Почему меня опять куда-то несет по волнам?
2
Двадцать третьего августа 1964 года в два часа ночи я записал в судовой журнал следующее: «Ветер усилился до 5 баллов от норда. Высота волны 3–4 метра. Судно испытывает сильные удары о волну носовой частью днища. Крен на оба борта около 20°. Проверено крепление груза и крышек трюмов. Барашки стопорных механизмов периодически самоотдаются от вибрации».
Когда я лазал в кромешной тьме по трюмам, где скрипело, визжало, стонало, ныло, гремело, мычало, выло, скулило ржавое железо; когда я боялся сорваться в какую-нибудь дыру и напороться на острый железный край; когда я проклинал эту погрузку в Петрозаводске и все эти старые речные пароходы, части которых мы тащили теперь через штормовое Баренцево море; когда от физического напряжения стало у меня побаливать сердце; когда удары волн оглушали долгим эхом в огромной гулкости трюмов, – я подумал о том, что, когда взрослеет моряк, он начинает все осторожнее говорить о море и ветре, о мужестве и трусости, он все больше понимает мудрость молчания и осторожности. Он не торопится говорить, что море – это ерунда и человек господин природы. Он не говорит, что Черное море – это малина и курорт, а вот Карское – очень плохо. Взрослеющий пишущий человек тоже не торопится говорить, что рассказ писать проще, чем роман, и что Лермонтов лучше Пушкина, а Маяковский чересчур социален и тем погубил свой талант.

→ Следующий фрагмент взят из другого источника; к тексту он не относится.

lemma power_rescale:
  fixes c u T t :: "'a::comm_semiring_1"
  assumes "c ^ 2 * u = t" and "c * (1 + T) = 1 + t"
  shows "c ^ (m + 2 * k) * (u ^ k * (1 + T) ^ m) = t ^ k * (1 + t) ^ m"
proof -
  have "c ^ (m + 2 * k) * (u ^ k * (1 + T) ^ m) = (c ^ 2 * u) ^ k * (c * (1 + T)) ^ m"
    unfolding power_add power_mult power_mult_distrib by (simp only: ac_simps)
  then show ?thesis unfolding assms .
qed

lemma P_inv_exc_eq_scaled_P_inv_cpk_exc:
  fixes c y T t :: real
  assumes "c ^ 2 * (y * T) = t" and "c * (1 + T) = 1 + t"
  shows "P_inv_exc n q t = c ^ n * P_inv_cpk_exc n q y T"
proof -
  have "P_inv_exc n q t = P_inv_cpk_exc n q 1 t"
    unfolding P_inv_exc_def P_inv_cpk_exc_def by simp
  also have "\<dots> = (\<Sum>\<sigma>\<in>no_dexc_321 n.
      q ^ inv_stat n \<sigma> * (c ^ n * ((y * T) ^ card (exc_vals n \<sigma>) * (1 + T) ^ card (free_points n \<sigma>))))"
    unfolding P_inv_cpk_exc_eq_sum_no_dexc
  proof (intro sum.cong refl)
    fix \<sigma> assume "\<sigma> \<in> no_dexc_321 n"
    from power_rescale[OF assms, of "card (free_points n \<sigma>)" "card (exc_vals n \<sigma>)"]
    show "q ^ inv_stat n \<sigma> * (1 * t) ^ card (exc_vals n \<sigma>) * (1 + t) ^ card (free_points n \<sigma>) =
        q ^ inv_stat n \<sigma> * (c ^ n * ((y * T) ^ card (exc_vals n \<sigma>) * (1 + T) ^ card (free_points n \<sigma>)))"
      unfolding card_free_points[OF \<open>\<sigma> \<in> no_dexc_321 n\<close>] by simp
  qed
  also have "\<dots> = c ^ n * P_inv_cpk_exc n q y T"
    unfolding P_inv_cpk_exc_eq_sum_no_dexc sum_distrib_left by (simp add: mult_ac)
  finally show ?thesis .
qed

Вот о чем я думал, вылезая из трюма, проверив крепление груза и проверяя стопора трюмных крышек. И эти стопора на один-два оборота поддавались усилию моих рук, а это значило, что стопора сами собой отдаются от вибрации. И это было нехорошо.
Мое родное Баренцево море шумело и плевало в физиономию мелкой холодной слюной. Я был зол на него. Оно заставило меня лазать по темным трюмам, из-за него у меня побаливало в груди. И я тоже плюнул за борт.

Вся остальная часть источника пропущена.